Why not offer them some type of bonus to stick around? At Toys R Us, if they are trying to stay afloat give DB 1 million and the 1.4 million can be distributed to the employees to stick around and do a great job. People making $10 an hour, this time of year if you said look we will give you $500 bucks that means the world to them and helps them out a lot more then a couple of million help out some asshole like DB who already has enough money to last him 5 life times.

Problem with big business is they think top down instead of bottom up and it's the foundation which keeps them strong.

L'Carpetron Do…

December 7th, 2017 at 12:24 PM ^

I understand that corporations think they have to do this but that notion is also ridiculous. Could someone have done the same job Brandon did for half the salary? Or even without a preposterous $2.5 m bonus on the way out the door? I think so. I mean, it sounds like you did some important work down the stretch at Alamo but I'm not sure that's the case with every corporate honcho who gets these bonuses. 

Its so frustrating that there's so much focus on attracting/keeping these overvalued, underworked executive types and paying them tons of money instead of the people who do most of the work (like you and others). Maybe its time we had some downward force on executive compensation because these guys are overpaid. 

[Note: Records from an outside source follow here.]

(* Let $p\ge 5$ be a prime and let $N=\frac{1}{0}$ (the north pole) be a vertex of the level $p$ Farey map $\mathcal{M}_3(p)$. Define the finite sequence of vertices $$S=S(p)=\frac{1}{(p-1)/2},\ \frac{1}{(p-3)/2},\ \dots,\ \frac{1}{3},\ \frac{1}{2},\ \frac{2}{3},\ \frac{3}{4},\ \dots,\ \frac{(p-3)/2}{(p-1)/2},$$ i.e. first the terms $\frac{1}{k}$ for $k=\frac{p-1}{2},\frac{p-3}{2},\dots,2$ (decreasing), followed by the terms $\frac{m-1}{m}$ for $m=3,4,\dots,\frac{p-1}{2}$ (increasing). For $k\in\mathbb{Z}$ let $S+k$ denote the sequence obtained by replacing each term $\frac{x}{c}$ of $S$ by $\frac{x}{c}+k:=\frac{x+kc}{c}$. Let $S_2(p)$ be the concatenation $S\,(S+1)\,(S+2)\cdots(S+p-1)$, and let $S_1(p)$ be the sequence $\frac{0}{1},\frac{1}{1},\dots,\frac{p-1}{1}$. Then: (i) every term of $S_2(p)$ is a vertex at graph-theoretic distance exactly $2$ from $N$ in $\mathcal{M}_3(p)$, and every vertex at distance $2$ from $N$ occurs in $S_2(p)$; (ii) $S_2(p)$ is a Farey circuit, i.e. each term is joined by an edge of $\mathcal{M}_3(p)$ to the next term, and the last term is joined by an edge to the first term; (iii) $S_1(p)$ is a Farey circuit of length $p$ consisting of the vertices at distance $1$ from $N$, and $S_2(p)$ has length $p(p-4)$; (iv) $\mathcal{M}_3(p)$ has exactly $\frac{p-1}{2}$ poles.
   Context: The Farey map $\mathcal{M}_3$ has vertex set $\mathbb{Q}\cup\{\infty\}$ with $\infty=\frac10$, two reduced fractions $\frac ac,\frac bd$ being joined by an edge iff $ad-bc=\pm1$; the modular group $\Gamma=\mathrm{PSL}(2,\mathbb{Z})$ acts on it by Möbius transformations. For $n\ge2$, $\mathcal{M}_3(n)=\mathcal{M}_3/\Gamma(n)$ is the quotient by the principal congruence subgroup $\Gamma(n)$. Concretely, for $p$ prime, the vertices of $\mathcal{M}_3(p)$ are the "Farey fractions" $\frac{a}{c}$ with $a,c\in\mathbb{Z}_p$ not both zero, where $\frac{a}{c}$ and $\frac{-a}{-c}$ denote the same vertex (so $\frac{a}{c}$ is the image of a fraction in $\mathcal{M}_3$ with numerator $\equiv a$ and denominator $\equiv c$ mod $p$), and two vertices $\frac ac,\frac bd$ are joined by an edge iff $ad-bc\equiv\pm1 \pmod p$. The graph-theoretic distance between two vertices is the length of a shortest edge path joining them. A Farey circuit is a sequence $f_1,\dots,f_k$ of vertices with $f_i$ joined by an edge to $f_{i+1}$, indices taken mod $k$ (terms may repeat). A pole is a vertex of the form $\frac{a}{0}$ (with $a\neq 0$). *)

theory Defs
  imports "HOL-Computational_Algebra.Primes"
begin

text \<open>A vertex of M_3(p): the Farey fraction a/c with a, c taken mod p, identified
  with (-a)/(-c).  Represented as the set of its (at most two) residue representatives.\<close>
definition fvert :: "int \<Rightarrow> int \<Rightarrow> int \<Rightarrow> (int \<times> int) set" where
  "fvert p a c = {(a mod p, c mod p), ((- a) mod p, (- c) mod p)}"

definition fverts :: "int \<Rightarrow> (int \<times> int) set set" where
  "fverts p = {fvert p a c | a c. \<not> (a mod p = 0 \<and> c mod p = 0)}"

definition fadj :: "int \<Rightarrow> (int \<times> int) set \<Rightarrow> (int \<times> int) set \<Rightarrow> bool" where
  "fadj p u v \<longleftrightarrow> u \<in> fverts p \<and> v \<in> fverts p \<and>
     (\<exists>a c b d. u = fvert p a c \<and> v = fvert p b d \<and>
        ((a * d - b * c) mod p = 1 mod p \<or> (a * d - b * c) mod p = (- 1) mod p))"

definition fwalk :: "int \<Rightarrow> nat \<Rightarrow> (int \<times> int) set \<Rightarrow> (int \<times> int) set \<Rightarrow> bool" where
  "fwalk p n u v \<longleftrightarrow> (\<exists>xs. length xs = Suc n \<and> set xs \<subseteq> fverts p \<and> hd xs = u \<and> last xs = v
       \<and> (\<forall>i < n. fadj p (xs ! i) (xs ! Suc i)))"

definition fdist_is :: "int \<Rightarrow> (int \<times> int) set \<Rightarrow> (int \<times> int) set \<Rightarrow> nat \<Rightarrow> bool" where
  "fdist_is p u v n \<longleftrightarrow> fwalk p n u v \<and> (\<forall>m < n. \<not> fwalk p m u v)"

definition farey_circuit :: "int \<Rightarrow> (int \<times> int) set list \<Rightarrow> bool" where
  "farey_circuit p xs \<longleftrightarrow> xs \<noteq> [] \<and> set xs \<subseteq> fverts p \<and>
     (\<forall>i < length xs. fadj p (xs ! i) (xs ! ((Suc i) mod length xs)))"

definition is_pole :: "int \<Rightarrow> (int \<times> int) set \<Rightarrow> bool" where
  "is_pole p v \<longleftrightarrow> (\<exists>a. a mod p \<noteq> 0 \<and> v = fvert p a 0)"

definition Spairs :: "int \<Rightarrow> (int \<times> int) list" where
  "Spairs p = map (\<lambda>k. (1, k)) (rev [2..(p - 1) div 2]) @ map (\<lambda>m. (m - 1, m)) [3..(p - 1) div 2]"

definition S2 :: "int \<Rightarrow> (int \<times> int) set list" where
  "S2 p = concat (map (\<lambda>k. map (\<lambda>(x, c). fvert p (x + k * c) c) (Spairs p)) [0..p - 1])"

definition S1 :: "int \<Rightarrow> (int \<times> int) set list" where
  "S1 p = map (\<lambda>a. fvert p a 1) [0..p - 1]"

end

theory Submission
  imports Defs "HOL-Number_Theory.Cong"
begin

text \<open>The neighbours of \<open>N = 1/0\<close> are the fractions \<open>b/1\<close>, since the determinant of
  \<open>1/0\<close> and \<open>x/c\<close> is \<open>c\<close>. Hence \<open>x/c\<close> lies at distance two from \<open>N\<close> exactly when
  \<open>c \<noteq> 0, \<plusminus>1 (mod p)\<close>: then \<open>((x - 1)/c)/1\<close> is a common neighbour, while a common neighbour
  \<open>b/1\<close> of \<open>N\<close> and a pole \<open>x/0\<close> forces \<open>x \<equiv> \<plusminus>1\<close>, i.e. \<open>x/0 = N\<close>. Up to sign every such
  \<open>c\<close> is congruent to some \<open>r \<in> {2..(p - 1)/2}\<close>, and \<open>x/r = (1 + k r)/r\<close> for
  \<open>k \<equiv> (x - 1)/r\<close>, so these vertices are precisely the terms of \<open>S\<^sub>2(p)\<close>.

  Consecutive terms of \<open>S\<close> have determinant \<open>-1\<close>, which is invariant under the shift
  \<open>x/c \<mapsto> (x + k c)/c\<close>; the last term of \<open>S + k\<close> and the first term of \<open>S + (k + 1)\<close>
  (and of \<open>S + (p - 1)\<close> and \<open>S\<close>) have determinant \<open>\<equiv> 1\<close> because \<open>2 \<cdot> (p - 1)/2 \<equiv> -1\<close>.
  The poles \<open>a/0\<close> correspond to the residues \<open>\<plusminus>a\<close> with \<open>a \<in> {1..(p - 1)/2}\<close>.\<close>

section \<open>Residues modulo p\<close>

lemma cong_uminus_left_iff: "[- a = b] (mod m) \<longleftrightarrow> [a = - b] (mod m)"
  for a b m :: int
  by (metis cong_minus_minus_iff minus_minus)

lemma not_dvd_one_int: "(p::int) > 1 \<Longrightarrow> \<not> p dvd 1"
  by (auto dest: zdvd_imp_le)

lemma prime_cong_inverse:
  fixes p c :: int
  assumes "prime p" "[c \<noteq> 0] (mod p)"
  obtains c' where "[c * c' = 1] (mod p)"
proof -
  have "coprime c p"
    using assms by (metis cong_0_iff coprime_commute prime_imp_coprime)
  then show ?thesis
    using cong_solve_coprime_int that by blast
qed

lemma cong_pm_representative:
  fixes p c :: int
  assumes "odd p" "p > 0"
  obtains r where "r \<in> {0..(p - 1) div 2}" "[c = r] (mod p) \<or> [c = - r] (mod p)"
proof (cases "c mod p \<le> (p - 1) div 2")
  case True
  then show ?thesis
    using that[of "c mod p"] assms(2) by (simp add: cong_def)
next
  case False
  have "p = 2 * ((p - 1) div 2) + 1"
    using assms(1) by presburger
  then have "p - c mod p \<in> {0..(p - 1) div 2}"
    using False pos_mod_bound[OF assms(2), of c] by auto
  moreover have "c - - (p - c mod p) = (c - c mod p) + p"
    by simp
  then have "[c = - (p - c mod p)] (mod p)"
    unfolding cong_iff_dvd_diff by (metis dvd_add dvd_minus_mod dvd_refl)
  ultimately show ?thesis
    using that by blast
qed

lemma cong_pm_imp_eq:
  fixes p r s :: int
  assumes "r \<in> {0..(p - 1) div 2}" "s \<in> {0..(p - 1) div 2}" "[r = s] (mod p) \<or> [r = - s] (mod p)"
  shows "r = s"
proof -
  have "2 * ((p - 1) div 2) \<le> p - 1"
    by presburger
  then have bounds: "0 \<le> r" "0 \<le> s" "r + s < p"
    using assms(1,2) by auto
  show "r = s"
    using assms(3)
  proof
    assume "[r = s] (mod p)"
    then show "r = s"
      using bounds by (intro cong_less_imp_eq_int) auto
  next
    assume "[r = - s] (mod p)"
    then have "[r + s = 0] (mod p)"
      by (simp add: cong_iff_dvd_diff)
    then have "r + s = 0"
      using bounds by (intro cong_less_imp_eq_int) auto
    then show "r = s"
      using bounds by simp
  qed
qed

lemma not_cong_0_if_half_range:
  fixes p c :: int
  assumes "c \<in> {1..(p - 1) div 2}"
  shows "[c \<noteq> 0] (mod p)"
proof
  assume "[c = 0] (mod p)"
  moreover have "0 \<in> {0..(p - 1) div 2}"
    using assms by auto
  ultimately have "c = 0"
    using assms by (intro cong_pm_imp_eq[of c p 0]) auto
  with assms show False
    by simp
qed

If I'm on the board, I say 'screw it', Brandon has enough money. Distribute it to whatever workers are left. After all, didn't Michigan pay him a few million to get rid of him just a few years ago? He's got plenty - no sense in wasting anymore on that fool.

Chester Cheetah

December 7th, 2017 at 9:24 AM ^

These bonuses are basically incentives for the Company to retain the executives through the bankruptcy process. We talk about how important continuity is with our football program and the same could be said about a business. This bankruptcy is a reorganization rather than a sell off of the assets so it is very important for the Company to retain the executives that know the business in and out. This is very typical in business and the people that critique it typically don't know what they're talking about.

BlueMarrow

December 7th, 2017 at 7:26 AM ^

In a world where public universities give coaches that fail over $10,000,000.00 to walk away, and the NFL gives their failed leader a $20,000,000.00 a year extension, sounds like he got screwed. He needs a new agent.

conradb42

December 7th, 2017 at 8:49 AM ^

You're off by a factor of 2. He got $200 mil over 5 years. 

And I don't like Goodell but he is at least partially responsible for the ridiculous valuations of NFL teams of late. IIRC Cowboys are worth 4 billion. It wasn't that long ago they were the only billion dollar team in the NFL. I'd pay someone $200 million to help me make $3 bil.